--- Task data Enclosed Below ---
lemma interior_max_derivatives:
  assumes rt: "(r, t) \<in> Omega_int R L T" and "0 < \<delta>"
    and max: "\<And>y. R t \<le> y \<Longrightarrow> y \<le> L \<Longrightarrow> perturbed \<delta> m y t \<le> perturbed \<delta> m r t"
    and "0 < d" and earlier: "\<And>h. 0 < h \<Longrightarrow> h < d \<Longrightarrow> (r, t - h) \<in> Omega R L T \<and> n r (t - h) \<le> n r t"
  shows "0 \<le> nt r t" "nr r t = 2 * \<delta> * (r - m)" "nrr r t \<le> 2 * \<delta>"
proof -
  have t: "0 \<le> t" "t < T" and r: "R t < r" "r < L" using rt by auto
  show "0 \<le> nt r t"
    using deriv_nonneg_at_right_max[OF C1_on_deriv_t[OF n_C1] \<open>0 < d\<close>] earlier rt by auto
  have dz: "((\<lambda>y. perturbed \<delta> m y t) has_real_derivative nr y t + \<delta> * (2 * (m - y))) (at y)"
    if "R t < y" "y < L" for y
    using perturbed_deriv[OF t, of y \<delta> m] at_interior[OF that] that by simp
  have crit: "nr r t + \<delta> * (2 * (m - r)) = 0"
  proof (rule DERIV_local_max[OF dz[OF r]])
    show "0 < min (r - R t) (L - r)" using r by simp
    show "\<forall>y. \<bar>r - y\<bar> < min (r - R t) (L - r) \<longrightarrow> perturbed \<delta> m y t \<le> perturbed \<delta> m r t"
      using max by (auto simp: abs_less_iff)
  qed
  then show "nr r t = 2 * \<delta> * (r - m)" by (simp add: algebra_simps)
  have "nrr r t - 2 * \<delta> \<le> 0"
  proof (rule interior_max_second_deriv[where f = "\<lambda>y. perturbed \<delta> m y t"
        and f' = "\<lambda>y. nr y t + \<delta> * (2 * (m - y))", OF r dz _ crit])
    show "((\<lambda>y. nr y t + \<delta> * (2 * (m - y))) has_real_derivative nrr r t - 2 * \<delta>) (at r)"
      using n_rr[OF rt] by (auto intro!: derivative_eq_intros)
  qed (use max in auto)
  then show "nrr r t \<le> 2 * \<delta>" by simp
qed

text \<open>An interior first touching point is impossible once delta is small against the bounds
  V for |v| and Rmin for r: the growth estimate makes dn/dt negative there.\<close>

lemma no_interior_touch:
  assumes rt: "(r, t) \<in> Omega_int R L T" and "0 < \<delta>" "0 < m" "m < L"
    and "0 < Rmin" "Rmin \<le> r" and vV: "\<bar>v r t\<bar> \<le> V"
    and "0 < \<epsilon>" and high: "bound + \<epsilon> / 2 \<le> n r t"
    and small: "\<delta> * (2 * V * L + 2 * Dn * L / Rmin + 2 * Dn) < lamnn * \<epsilon> * nm / 2"
    and max: "\<And>y. R t \<le> y \<Longrightarrow> y \<le> L \<Longrightarrow> perturbed \<delta> m y t \<le> perturbed \<delta> m r t"
    and "0 < d" and earlier: "\<And>h. 0 < h \<Longrightarrow> h < d \<Longrightarrow> (r, t - h) \<in> Omega R L T \<and> n r (t - h) \<le> n r t"
  shows False
proof -
  note derivs = interior_max_derivatives[OF rt \<open>0 < \<delta>\<close> max \<open>0 < d\<close> earlier]
  have r: "R t < r" "r < L" and r0: "0 < r" using rt \<open>0 < Rmin\<close> \<open>Rmin \<le> r\<close> by auto
  have nr_small: "\<bar>nr r t\<bar> \<le> 2 * \<delta> * L"
  proof -
    have "\<bar>r - m\<bar> \<le> L" using r0 r \<open>0 < m\<close> \<open>m < L\<close> by auto
    moreover have "\<bar>nr r t\<bar> = 2 * \<delta> * \<bar>r - m\<bar>" using derivs(2) \<open>0 < \<delta>\<close> by (simp add: abs_mult)
    ultimately show ?thesis using \<open>0 < \<delta>\<close> by (simp add: mult_left_mono)
  qed
  have "\<bar>v r t\<bar> * \<bar>nr r t\<bar> \<le> V * (2 * \<delta> * L)" using vV nr_small by (intro mult_mono) auto
  moreover have "Dn * \<bar>nr r t\<bar> / r \<le> Dn * (2 * \<delta> * L) / Rmin"
    using nr_small Dn_pos \<open>0 < Rmin\<close> \<open>Rmin \<le> r\<close> \<open>0 < \<delta>\<close> L_pos
    by (intro frac_le mult_left_mono) auto
  moreover have "Dn * nrr r t \<le> Dn * (2 * \<delta>)" using derivs(3) Dn_pos by simp
  moreover have "\<delta> * (2 * V * L + 2 * Dn * L / Rmin + 2 * Dn)
      = V * (2 * \<delta> * L) + Dn * (2 * \<delta> * L) / Rmin + Dn * (2 * \<delta>)"
    by (simp add: algebra_simps)
  ultimately have perturbation:
    "\<bar>v r t\<bar> * \<bar>nr r t\<bar> + Dn * \<bar>nr r t\<bar> / r + Dn * nrr r t < lamnn * \<epsilon> * nm / 2"
    using small by linarith
  have "kn + \<beta> * (\<rho>m - 1) \<le> lamnn * bound" using bound_ge(2) lamnn_pos by (simp add: field_simps)
  moreover have "lamnn * (bound + \<epsilon> / 2) \<le> lamnn * n r t" using high lamnn_pos by simp
  ultimately have "kn + \<beta> * (\<rho>m - 1) - lamnn * n r t \<le> - (lamnn * \<epsilon> / 2)"
    by (simp add: algebra_simps)
  then have "n r t * (kn + \<beta> * (\<rho>m - 1) - lamnn * n r t) \<le> n r t * - (lamnn * \<epsilon> / 2)"
    using high bound_ge(3) nm_pos \<open>0 < \<epsilon>\<close> by (intro mult_left_mono) auto
  also have "\<dots> \<le> nm * - (lamnn * \<epsilon> / 2)"
    using high bound_ge(3) lamnn_pos \<open>0 < \<epsilon>\<close> by (intro mult_right_mono_neg) auto
  finally have growth: "n r t * (kn + \<beta> * (\<rho>m - 1) - lamnn * n r t) \<le> - (lamnn * \<epsilon> * nm / 2)"
    by (simp add: mult.commute mult.left_commute)
  have "nm < n r t" "knb / lamnb \<le> n r t" using high bound_ge \<open>0 < \<epsilon>\<close> by auto
  from nt_estimate[OF rt this] growth perturbation derivs(1) show False by linarith
qed

end

context density_problem
begin

lemma first_touch_point:
  assumes t1: "0 \<le> t1" "t1 < T" and Rm: "\<And>s. 0 \<le> s \<Longrightarrow> s \<le> t1 \<Longrightarrow> R s < m" and "m < L"
    and "0 < \<epsilon>" "0 < \<delta>" "\<delta> * L^2 \<le> \<epsilon> / 2"
    and q0: "(r0, t0) \<in> cylinder R L t1" "bound + \<epsilon> \<le> perturbed \<delta> m r0 t0"
  obtains rs ts where "0 < ts" "ts \<le> t1" "R ts \<le> rs" "rs \<le> L" "bound + \<epsilon> / 2 \<le> n rs ts"
    "\<And>y. R ts \<le> y \<Longrightarrow> y \<le> L \<Longrightarrow> perturbed \<delta> m y ts \<le> perturbed \<delta> m rs ts"
    "\<And>r s. (r, s) \<in> cylinder R L t1 \<Longrightarrow> s < ts \<Longrightarrow> perturbed \<delta> m r s < perturbed \<delta> m rs ts"
proof -
  have R1: "continuous_on {0..t1} R" using R_cont_upto t1 .
  have K: "cylinder R L t1 \<subseteq> Omega R L T" using t1 by auto
  have z: "continuous_on (cylinder R L t1) (\<lambda>q. perturbed \<delta> m (fst q) (snd q))"
    unfolding perturbed_def bump_def
    by (intro continuous_intros continuous_on_subset[OF C1_on_continuous[OF n_C1] K])
  obtain r1 ts where hit: "(r1, ts) \<in> cylinder R L t1" "bound + \<epsilon> \<le> perturbed \<delta> m r1 ts"
    and before: "\<And>r s. (r, s) \<in> cylinder R L t1 \<Longrightarrow> s < ts \<Longrightarrow> perturbed \<delta> m r s < bound + \<epsilon>"
    using first_time_at_level[OF compact_cylinder[OF R1] z q0] by blast
  have ts: "0 \<le> ts" "ts \<le> t1" "R ts < L" using hit R_bounds[of ts] t1 by auto
  have "{y. (y, ts) \<in> cylinder R L t1} = {R ts..L}" using ts by auto
  then have "continuous_on {R ts..L} (\<lambda>y. perturbed \<delta> m y ts)"
    using continuous_on_slice[OF z, of ts] by simp
  moreover have "{R ts..L} \<noteq> {}" using ts(3) by simp
  ultimately obtain rs where "rs \<in> {R ts..L}"
    and "\<forall>y\<in>{R ts..L}. perturbed \<delta> m y ts \<le> perturbed \<delta> m rs ts"
    using continuous_attains_sup[OF compact_Icc] by blast
  then have rs: "R ts \<le> rs" "rs \<le> L"
    and max: "\<And>y. R ts \<le> y \<Longrightarrow> y \<le> L \<Longrightarrow> perturbed \<delta> m y ts \<le> perturbed \<delta> m rs ts"
    by auto
  have level: "bound + \<epsilon> \<le> perturbed \<delta> m rs ts" using max[of r1] hit by auto
  have "0 < R ts" "R ts < m" using R_bounds[of ts] Rm[of ts] ts t1 by auto
  then have "bump L m rs \<le> L^2" using bump_bounds[of m L rs] rs \<open>m < L\<close> by simp
  then have "\<delta> * bump L m rs \<le> \<delta> * L^2" using \<open>0 < \<delta>\<close> by simp
  then have "\<delta> * bump L m rs \<le> \<epsilon> / 2" using \<open>\<delta> * L^2 \<le> \<epsilon> / 2\<close> by linarith
  then have high: "bound + \<epsilon> / 2 \<le> n rs ts" using level unfolding perturbed_def by simp
  have "0 < ts"
  proof (rule ccontr)
    assume "\<not> 0 < ts"
    then have "n rs ts = 0" using ts(1) n_init rs by simp
    then show False using high bound_ge(3) nm_pos \<open>0 < \<epsilon>\<close> by simp
  qed
  have below: "perturbed \<delta> m r s < perturbed \<delta> m rs ts" if "(r, s) \<in> cylinder R L t1" "s < ts" for r s
    using before[OF that] level by linarith
  show thesis using that[OF \<open>0 < ts\<close> ts(2) rs high max below] .
qed

text \<open>A first touching point would have to lie on the free boundary, on r = L or in the
  interior, and each of these is excluded above.\<close>

lemma no_level_crossing:
  assumes t1: "0 \<le> t1" "t1 < T"
    and margins: "0 < Rmin" "m < L" "\<And>s. 0 \<le> s \<Longrightarrow> s \<le> t1 \<Longrightarrow> Rmin \<le> R s \<and> R s < m"
    and V: "\<And>r s. (r, s) \<in> cylinder R L t1 \<Longrightarrow> \<bar>v r s\<bar> \<le> V"
    and "0 < \<epsilon>" "0 < \<delta>" "\<delta> * L^2 \<le> \<epsilon> / 2"
    and small: "\<delta> * (2 * V * L + 2 * Dn * L / Rmin + 2 * Dn) < lamnn * \<epsilon> * nm / 2"
    and q0: "(r0, t0) \<in> cylinder R L t1"
  shows "perturbed \<delta> m r0 t0 < bound + \<epsilon>"
proof (rule ccontr)
  assume "\<not> perturbed \<delta> m r0 t0 < bound + \<epsilon>"
  then have level: "bound + \<epsilon> \<le> perturbed \<delta> m r0 t0" by simp
  obtain rs ts where ts: "0 < ts" "ts \<le> t1" and rs: "R ts \<le> rs" "rs \<le> L"
    and high: "bound + \<epsilon> / 2 \<le> n rs ts"
    and max: "\<And>y. R ts \<le> y \<Longrightarrow> y \<le> L \<Longrightarrow> perturbed \<delta> m y ts \<le> perturbed \<delta> m rs ts"
    and before: "\<And>r s. (r, s) \<in> cylinder R L t1 \<Longrightarrow> s < ts \<Longrightarrow> perturbed \<delta> m r s < perturbed \<delta> m rs ts"
  proof (rule first_touch_point[OF t1 _ margins(2) \<open>0 < \<epsilon>\<close> \<open>0 < \<delta>\<close> \<open>\<delta> * L^2 \<le> \<epsilon> / 2\<close> q0 level])
    show "\<And>s. 0 \<le> s \<Longrightarrow> s \<le> t1 \<Longrightarrow> R s < m" using margins(3) by auto
  qed (rule that)
  have tsT: "ts < T" and Rm: "Rmin \<le> R ts" "R ts < m" and "0 < R ts"
    using ts t1 margins(3)[of ts] R_bounds[of ts] by auto
  have above: "nm < n rs ts" using high bound_ge(3) \<open>0 < \<epsilon>\<close> by linarith
  consider "rs = R ts" | "rs = L" | "R ts < rs" "rs < L" using rs by fastforce
  then show False
  proof cases
    case 1
    then show False using no_max_at_inner_boundary[OF ts(1) tsT \<open>0 < \<delta>\<close> Rm(2)] max by simp
  next
    case 2
    then show False using no_max_at_outer_boundary[OF ts(1) tsT \<open>0 < \<delta>\<close> margins(2)] above max by simp
  next
    case 3
    have R1: "continuous_on {0..t1} R" using R_cont_upto t1 .
    obtain d where "0 < d" and d: "\<And>h. 0 < h \<Longrightarrow> h < d \<Longrightarrow> 0 \<le> ts - h \<and> R (ts - h) < rs"
      using right_of_boundary_earlier[OF R1 ts 3(1)] by blast
    have earlier: "(rs, ts - h) \<in> Omega R L T \<and> n rs (ts - h) \<le> n rs ts" if "0 < h" "h < d" for h
    proof -
      have "(rs, ts - h) \<in> cylinder R L t1" using d[OF that] that ts rs by auto
      then show ?thesis using before[of rs "ts - h"] that t1 unfolding perturbed_def by auto
    qed
    show False
    proof (rule no_interior_touch[OF _ \<open>0 < \<delta>\<close> _ margins(2) margins(1) _ V \<open>0 < \<epsilon>\<close> high small max
          \<open>0 < d\<close> earlier])
      show "(rs, ts) \<in> Omega_int R L T" using 3 ts tsT by simp
      show "0 < m" "Rmin \<le> rs" "(rs, ts) \<in> cylinder R L t1" using Rm \<open>0 < R ts\<close> 3 ts by auto
    qed
  qed
qed

lemma density_upper_bound:
  assumes rt: "(r, t) \<in> Omega R L T"
  shows "n r t \<le> bound"
proof (rule field_le_epsilon)
  fix \<epsilon> :: real assume "0 < \<epsilon>"
  have t: "0 \<le> t" "t < T" using rt by auto
  have R1: "continuous_on {0..t} R" using R_cont_upto t .
  have "\<And>s. 0 \<le> s \<Longrightarrow> s \<le> t \<Longrightarrow> 0 < R s \<and> R s < L" using R_bounds t by simp
  then obtain Rmin m where margins: "0 < Rmin" "m < L" "\<And>s. 0 \<le> s \<Longrightarrow> s \<le> t \<Longrightarrow> Rmin \<le> R s \<and> R s < m"
    using boundary_margins[OF R1 t(1)] by blast
  have "continuous_on (cylinder R L t) (\<lambda>q. v (fst q) (snd q))"
    by (rule continuous_on_subset[OF v_cont]) (use t in auto)
  then obtain V where "0 < V" and V: "\<And>r s. (r, s) \<in> cylinder R L t \<Longrightarrow> \<bar>v r s\<bar> \<le> V"
    using bounded_on_cylinder[OF R1] by blast
  have "0 < L^2" "0 < \<epsilon> / 2" using L_pos \<open>0 < \<epsilon>\<close> by auto
  moreover have "0 < 2 * V * L + 2 * Dn * L / Rmin + 2 * Dn"
    using \<open>0 < V\<close> L_pos Dn_pos margins(1) by (simp add: add_pos_pos)
  moreover have "0 < lamnn * \<epsilon> * nm / 2" using \<open>0 < \<epsilon>\<close> lamnn_pos nm_pos by simp
  ultimately obtain \<delta> where "0 < \<delta>" and small_L: "\<delta> * L^2 \<le> \<epsilon> / 2"
    and small_C: "\<delta> * (2 * V * L + 2 * Dn * L / Rmin + 2 * Dn) < lamnn * \<epsilon> * nm / 2"
    using small_factor by metis
  have "perturbed \<delta> m r t < bound + \<epsilon>"
    by (rule no_level_crossing[OF t margins V \<open>0 < \<epsilon>\<close> \<open>0 < \<delta>\<close> small_L small_C])
      (use rt in auto)
  moreover have "0 \<le> \<delta> * bump L m r"
  proof -
    have "0 < R t" "R t < m" "R t \<le> r" "r \<le> L" using R_bounds[OF t] margins(3)[of t] rt t by auto
    then show ?thesis using bump_bounds[of m L r] \<open>0 < \<delta>\<close> margins(2) by simp
  qed
  ultimately show "n r t \<le> bound + \<epsilon>" unfolding perturbed_def by linarith
qed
--- End of Enclosed Task data ---
→ What needs to be done
Show me all lines in the records that contain "crit".

→ Answer to the exercise
  have crit: "nr r t + \<delta> * (2 * (m - r)) = 0"
        and f' = "\<lambda>y. nr y t + \<delta> * (2 * (m - y))", OF r dz _ crit])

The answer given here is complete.